新型コロナウイルス感染症が8日、感染症法上の「5類」に引き下げられた。
5月8日付「朝日新聞」

 

いつ終わるとも知れない、この〈いま〉が延々続くかと思われた三年だった。

今年に入ると、新型コロナウイルスの「5類」移行がさかんにニュースで報じられるようになった。だが現実はもう少し先に進んでいたから、最初それを聞いても特に感慨にふけるということはなく、実感としては、ようやく法も追いついたのかといったくらいの軽い気持ち。

しかしそれも一つの区切り・儀式であることには違いがなく、いざその時を迎えてみると意外に安堵している自分がいた。どれだけマスク、ソーシャルディスタンスといった習慣には慣れても、行動制限されているという事実は残ったままだから、それが自主判断になることにより、少し肩の荷が下りたような気になったのかもしれない。
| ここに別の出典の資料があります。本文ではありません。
theorem proposition2p30:
  fixes sA :: "'f::field_char_0 \<Rightarrow> 'a::ab_group_add \<Rightarrow> 'a"
    and circ br :: "'a \<Rightarrow> 'a \<Rightarrow> 'a"
    and sV :: "'f \<Rightarrow> 'v::ab_group_add \<Rightarrow> 'v"
    and lc rc lb rb :: "'a \<Rightarrow> 'v \<Rightarrow> 'v"
  assumes alg: "dual_pre_poisson_on sA UNIV circ br"
    and rep: "dpp_rep_on sA UNIV circ br sV UNIV lc rc lb rb"
    and fin: "\<exists>B. finite_dimensional_vector_space sV B"
  shows "dpp_rep_on sA UNIV circ br dual_scale (dual_space sV)
           (\<lambda>x. - dual_op lc x)
           (\<lambda>x. - dual_op lc x + dual_op rc x)
           (\<lambda>x. dual_op lb x)
           (\<lambda>x. - dual_op lb x - dual_op rb x)
       \<and> dual_pre_poisson_on (sum_scale sA) (UNIV \<times> dual_space sV)
           (\<lambda>(x, u) (y, v). (circ x y, - dual_op lc x v + (- dual_op lc y u + dual_op rc y u)))
           (\<lambda>(x, u) (y, v). (br x y, dual_op lb x v - (dual_op lb y u + dual_op rb y u)))"
proof -
  have dual_rep: "dpp_rep_on sA UNIV circ br dual_scale (dual_space sV)
      (\<lambda>x. - dual_op lc x) (\<lambda>x. - dual_op lc x + dual_op rc x)
      (dual_op lb) (\<lambda>x. - dual_op lb x - dual_op rb x)"
    using rep by (rule dpp_rep_on_dual)
  have semidirect: "dual_pre_poisson_on (prod_scale sA dual_scale) (UNIV \<times> dual_space sV)
      (semidirect_mult circ (\<lambda>x. - dual_op lc x) (\<lambda>x. - dual_op lc x + dual_op rc x))
      (semidirect_mult br (dual_op lb) (\<lambda>x. - dual_op lb x - dual_op rb x))"
    using dual_rep alg
    by (rule dpp_representation.dual_pre_poisson_on_semidirect[OF dpp_representation.intro])
  have scale_eq: "sum_scale sA = prod_scale sA dual_scale"
    by (simp add: fun_eq_iff sum_scale_def prod_scale_def)
  have circ_eq:
    "(\<lambda>(x, u) (y, v). (circ x y, - dual_op lc x v + (- dual_op lc y u + dual_op rc y u))) =
       semidirect_mult circ (\<lambda>x. - dual_op lc x) (\<lambda>x. - dual_op lc x + dual_op rc x)"
    and br_eq:
    "(\<lambda>(x, u) (y, v). (br x y, dual_op lb x v - (dual_op lb y u + dual_op rb y u))) =
       semidirect_mult br (dual_op lb) (\<lambda>x. - dual_op lb x - dual_op rb x)"
    by (simp_all add: fun_eq_iff semidirect_mult_def)
  show ?thesis
    unfolding scale_eq circ_eq br_eq using dual_rep semidirect by (rule conjI)
qed

end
二〇二〇年春、最初の緊急事態宣言が七都府県に出され、社会が一斉に止まったとき、わたしは心の底ではほっとしていた。社会のスピードは制御する人もいないまま加速度的に早くなる一方だったから、強制的に止まってよかったくらいに思っていたのだ。

とにかく一度、そこから降りたかった。

だがそれは、異常な時期でもあったのだろう。

店という店は閉まり、街からは一時人の姿が消えた。わたしは毎日、がらんとした街を誰にも見られないように自転車で走り抜け、お客さんがいなくなった店に滑り込んだ。そして様々な手段により届いていた本の注文を作り、16時過ぎにやって来るヤマトの人に、密書を託すようにしてその本を引き渡すのである。まったくインターネットと運送屋だけが、当時は他の誰かとつながることのできる、限られたライフラインだったのだ。

それからしばらくすると、店は時短をしながら営業を再開したが、レジカウンターの前にはビニールが垂らされ、お客さんとの会話はそのビニール越しに限られた。テレビで言われていた通りカフェの座席数を減らし、店の入口には消毒液を常備する。自分が感染することも怖かったが、店をやっているものとしてはそれ以上に、なんとしてもこの店から感染者を出してはならないという覚悟でずっと気が張っていた。感染者を出してしまったら最後、この街ではもう商売が出来なくなるのではないかと思わせる空気が、二〇二〇年にはあったから……。

いまならそんなこともあったよねと済ませられる話も、たった三年前はみな真剣だったのだ。

それはやはり「異常な時期」としか言えないだろう。二〇二一年・二二年と進むにつれ、感染したという話も少しずつ周りの人から聞くようになり、わたしはその状況にも慣れていったが、慣れていくに従いまた何かを失いもした。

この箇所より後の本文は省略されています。